===== DATA FOR THIS EXERCISE =====

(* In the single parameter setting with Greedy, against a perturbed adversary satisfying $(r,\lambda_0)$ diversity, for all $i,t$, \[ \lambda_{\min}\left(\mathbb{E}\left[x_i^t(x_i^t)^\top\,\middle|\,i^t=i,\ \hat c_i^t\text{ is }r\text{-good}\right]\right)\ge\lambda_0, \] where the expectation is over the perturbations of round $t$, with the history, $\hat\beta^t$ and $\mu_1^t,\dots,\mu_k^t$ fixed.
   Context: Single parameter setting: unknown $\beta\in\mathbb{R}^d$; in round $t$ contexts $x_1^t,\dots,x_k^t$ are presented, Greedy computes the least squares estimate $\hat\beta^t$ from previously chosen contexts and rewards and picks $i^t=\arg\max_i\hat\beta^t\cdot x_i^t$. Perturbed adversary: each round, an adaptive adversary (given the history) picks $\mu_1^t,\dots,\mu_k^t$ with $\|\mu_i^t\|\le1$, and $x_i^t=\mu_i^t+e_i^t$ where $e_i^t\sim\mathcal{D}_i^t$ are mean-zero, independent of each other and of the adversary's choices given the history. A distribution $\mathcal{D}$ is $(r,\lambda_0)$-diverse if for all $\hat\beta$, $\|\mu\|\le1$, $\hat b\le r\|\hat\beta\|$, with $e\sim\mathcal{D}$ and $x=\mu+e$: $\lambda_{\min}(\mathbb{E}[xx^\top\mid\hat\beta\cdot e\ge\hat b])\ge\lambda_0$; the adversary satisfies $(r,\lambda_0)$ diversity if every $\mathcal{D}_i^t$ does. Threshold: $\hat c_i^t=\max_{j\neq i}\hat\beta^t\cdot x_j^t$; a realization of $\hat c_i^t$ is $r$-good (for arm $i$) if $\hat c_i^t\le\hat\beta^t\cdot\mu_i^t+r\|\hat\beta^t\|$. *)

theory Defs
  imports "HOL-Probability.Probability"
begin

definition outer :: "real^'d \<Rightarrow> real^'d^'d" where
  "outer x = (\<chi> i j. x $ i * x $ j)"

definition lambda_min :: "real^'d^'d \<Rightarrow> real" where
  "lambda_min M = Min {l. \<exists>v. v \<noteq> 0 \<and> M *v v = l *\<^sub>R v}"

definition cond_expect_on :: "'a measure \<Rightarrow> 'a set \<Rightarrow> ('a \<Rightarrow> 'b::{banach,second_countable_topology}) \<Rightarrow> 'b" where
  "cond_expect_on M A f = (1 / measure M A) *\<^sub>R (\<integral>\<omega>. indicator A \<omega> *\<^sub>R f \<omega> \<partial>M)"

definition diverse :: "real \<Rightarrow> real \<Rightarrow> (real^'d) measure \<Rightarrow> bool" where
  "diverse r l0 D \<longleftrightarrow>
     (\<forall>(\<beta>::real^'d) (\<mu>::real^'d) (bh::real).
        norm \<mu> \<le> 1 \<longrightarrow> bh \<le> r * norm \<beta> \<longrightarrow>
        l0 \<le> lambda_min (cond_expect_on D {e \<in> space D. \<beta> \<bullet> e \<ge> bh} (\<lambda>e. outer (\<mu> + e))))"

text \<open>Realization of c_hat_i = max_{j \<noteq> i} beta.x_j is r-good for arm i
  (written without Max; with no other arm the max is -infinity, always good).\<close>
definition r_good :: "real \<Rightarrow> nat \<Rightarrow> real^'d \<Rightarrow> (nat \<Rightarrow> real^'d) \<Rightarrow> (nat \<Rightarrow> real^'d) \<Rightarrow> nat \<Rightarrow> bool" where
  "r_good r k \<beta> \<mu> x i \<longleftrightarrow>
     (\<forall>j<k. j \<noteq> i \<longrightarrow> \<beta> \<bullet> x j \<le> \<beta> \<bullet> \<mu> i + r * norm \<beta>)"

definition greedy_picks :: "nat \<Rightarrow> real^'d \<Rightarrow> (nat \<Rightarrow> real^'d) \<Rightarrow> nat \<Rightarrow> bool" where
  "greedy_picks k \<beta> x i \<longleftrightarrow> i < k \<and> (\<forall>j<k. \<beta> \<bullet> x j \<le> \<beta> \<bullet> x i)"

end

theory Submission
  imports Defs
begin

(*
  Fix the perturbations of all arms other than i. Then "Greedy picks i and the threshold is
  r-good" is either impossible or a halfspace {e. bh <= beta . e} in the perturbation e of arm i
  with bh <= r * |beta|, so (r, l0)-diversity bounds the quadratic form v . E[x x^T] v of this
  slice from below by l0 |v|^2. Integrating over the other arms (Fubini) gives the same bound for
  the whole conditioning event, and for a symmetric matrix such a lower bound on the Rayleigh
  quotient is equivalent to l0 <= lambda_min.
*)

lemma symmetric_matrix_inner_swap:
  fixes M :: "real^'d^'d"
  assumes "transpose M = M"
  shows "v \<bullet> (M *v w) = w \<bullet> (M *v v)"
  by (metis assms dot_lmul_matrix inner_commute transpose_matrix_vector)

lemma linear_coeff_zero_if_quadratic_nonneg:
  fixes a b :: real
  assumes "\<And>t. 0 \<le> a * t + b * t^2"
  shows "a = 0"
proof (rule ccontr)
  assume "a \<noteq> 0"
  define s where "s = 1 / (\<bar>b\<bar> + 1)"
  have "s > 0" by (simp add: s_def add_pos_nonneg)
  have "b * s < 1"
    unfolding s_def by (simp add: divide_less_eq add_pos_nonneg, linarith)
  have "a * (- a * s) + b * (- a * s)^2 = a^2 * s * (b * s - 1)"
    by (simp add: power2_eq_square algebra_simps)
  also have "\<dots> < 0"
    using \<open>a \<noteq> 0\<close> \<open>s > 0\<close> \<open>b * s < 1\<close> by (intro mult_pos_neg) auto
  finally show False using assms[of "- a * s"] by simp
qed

=====

__EXERCISE REQUIREMENTS__. Copy every line above without altering a word.

__ANSWER TO THIS EXERCISE__.
(* In the single parameter setting with Greedy, against a perturbed adversary satisfying $(r,\lambda_0)$ diversity, for all $i,t$, \[ \lambda_{\min}\left(\mathbb{E}\left[x_i^t(x_i^t)^\top\,\middle|\,i^t=i,\ \hat c_i^t\text{ is }r\text{-good}\right]\right)\ge\lambda_0, \] where the expectation is over the perturbations of round $t$, with the history, $\hat\beta^t$ and $\mu_1^t,\dots,\mu_k^t$ fixed.
   Context: Single parameter setting: unknown $\beta\in\mathbb{R}^d$; in round $t$ contexts $x_1^t,\dots,x_k^t$ are presented, Greedy computes the least squares estimate $\hat\beta^t$ from previously chosen contexts and rewards and picks $i^t=\arg\max_i\hat\beta^t\cdot x_i^t$. Perturbed adversary: each round, an adaptive adversary (given the history) picks $\mu_1^t,\dots,\mu_k^t$ with $\|\mu_i^t\|\le1$, and $x_i^t=\mu_i^t+e_i^t$ where $e_i^t\sim\mathcal{D}_i^t$ are mean-zero, independent of each other and of the adversary's choices given the history. A distribution $\mathcal{D}$ is $(r,\lambda_0)$-diverse if for all $\hat\beta$, $\|\mu\|\le1$, $\hat b\le r\|\hat\beta\|$, with $e\sim\mathcal{D}$ and $x=\mu+e$: $\lambda_{\min}(\mathbb{E}[xx^\top\mid\hat\beta\cdot e\ge\hat b])\ge\lambda_0$; the adversary satisfies $(r,\lambda_0)$ diversity if every $\mathcal{D}_i^t$ does. Threshold: $\hat c_i^t=\max_{j\neq i}\hat\beta^t\cdot x_j^t$; a realization of $\hat c_i^t$ is $r$-good (for arm $i$) if $\hat c_i^t\le\hat\beta^t\cdot\mu_i^t+r\|\hat\beta^t\|$. *)

theory Defs
  imports "HOL-Probability.Probability"
begin

definition outer :: "real^'d \<Rightarrow> real^'d^'d" where
  "outer x = (\<chi> i j. x $ i * x $ j)"

definition lambda_min :: "real^'d^'d \<Rightarrow> real" where
  "lambda_min M = Min {l. \<exists>v. v \<noteq> 0 \<and> M *v v = l *\<^sub>R v}"

definition cond_expect_on :: "'a measure \<Rightarrow> 'a set \<Rightarrow> ('a \<Rightarrow> 'b::{banach,second_countable_topology}) \<Rightarrow> 'b" where
  "cond_expect_on M A f = (1 / measure M A) *\<^sub>R (\<integral>\<omega>. indicator A \<omega> *\<^sub>R f \<omega> \<partial>M)"

definition diverse :: "real \<Rightarrow> real \<Rightarrow> (real^'d) measure \<Rightarrow> bool" where
  "diverse r l0 D \<longleftrightarrow>
     (\<forall>(\<beta>::real^'d) (\<mu>::real^'d) (bh::real).
        norm \<mu> \<le> 1 \<longrightarrow> bh \<le> r * norm \<beta> \<longrightarrow>
        l0 \<le> lambda_min (cond_expect_on D {e \<in> space D. \<beta> \<bullet> e \<ge> bh} (\<lambda>e. outer (\<mu> + e))))"

text \<open>Realization of c_hat_i = max_{j \<noteq> i} beta.x_j is r-good for arm i
  (written without Max; with no other arm the max is -infinity, always good).\<close>
definition r_good :: "real \<Rightarrow> nat \<Rightarrow> real^'d \<Rightarrow> (nat \<Rightarrow> real^'d) \<Rightarrow> (nat \<Rightarrow> real^'d) \<Rightarrow> nat \<Rightarrow> bool" where
  "r_good r k \<beta> \<mu> x i \<longleftrightarrow>
     (\<forall>j<k. j \<noteq> i \<longrightarrow> \<beta> \<bullet> x j \<le> \<beta> \<bullet> \<mu> i + r * norm \<beta>)"

definition greedy_picks :: "nat \<Rightarrow> real^'d \<Rightarrow> (nat \<Rightarrow> real^'d) \<Rightarrow> nat \<Rightarrow> bool" where
  "greedy_picks k \<beta> x i \<longleftrightarrow> i < k \<and> (\<forall>j<k. \<beta> \<bullet> x j \<le> \<beta> \<bullet> x i)"

end

theory Submission
  imports Defs
begin

(*
  Fix the perturbations of all arms other than i. Then "Greedy picks i and the threshold is
  r-good" is either impossible or a halfspace {e. bh <= beta . e} in the perturbation e of arm i
  with bh <= r * |beta|, so (r, l0)-diversity bounds the quadratic form v . E[x x^T] v of this
  slice from below by l0 |v|^2. Integrating over the other arms (Fubini) gives the same bound for
  the whole conditioning event, and for a symmetric matrix such a lower bound on the Rayleigh
  quotient is equivalent to l0 <= lambda_min.
*)

lemma symmetric_matrix_inner_swap:
  fixes M :: "real^'d^'d"
  assumes "transpose M = M"
  shows "v \<bullet> (M *v w) = w \<bullet> (M *v v)"
  by (metis assms dot_lmul_matrix inner_commute transpose_matrix_vector)

lemma linear_coeff_zero_if_quadratic_nonneg:
  fixes a b :: real
  assumes "\<And>t. 0 \<le> a * t + b * t^2"
  shows "a = 0"
proof (rule ccontr)
  assume "a \<noteq> 0"
  define s where "s = 1 / (\<bar>b\<bar> + 1)"
  have "s > 0" by (simp add: s_def add_pos_nonneg)
  have "b * s < 1"
    unfolding s_def by (simp add: divide_less_eq add_pos_nonneg, linarith)
  have "a * (- a * s) + b * (- a * s)^2 = a^2 * s * (b * s - 1)"
    by (simp add: power2_eq_square algebra_simps)
  also have "\<dots> < 0"
    using \<open>a \<noteq> 0\<close> \<open>s > 0\<close> \<open>b * s < 1\<close> by (intro mult_pos_neg) auto
  finally show False using assms[of "- a * s"] by simp
qed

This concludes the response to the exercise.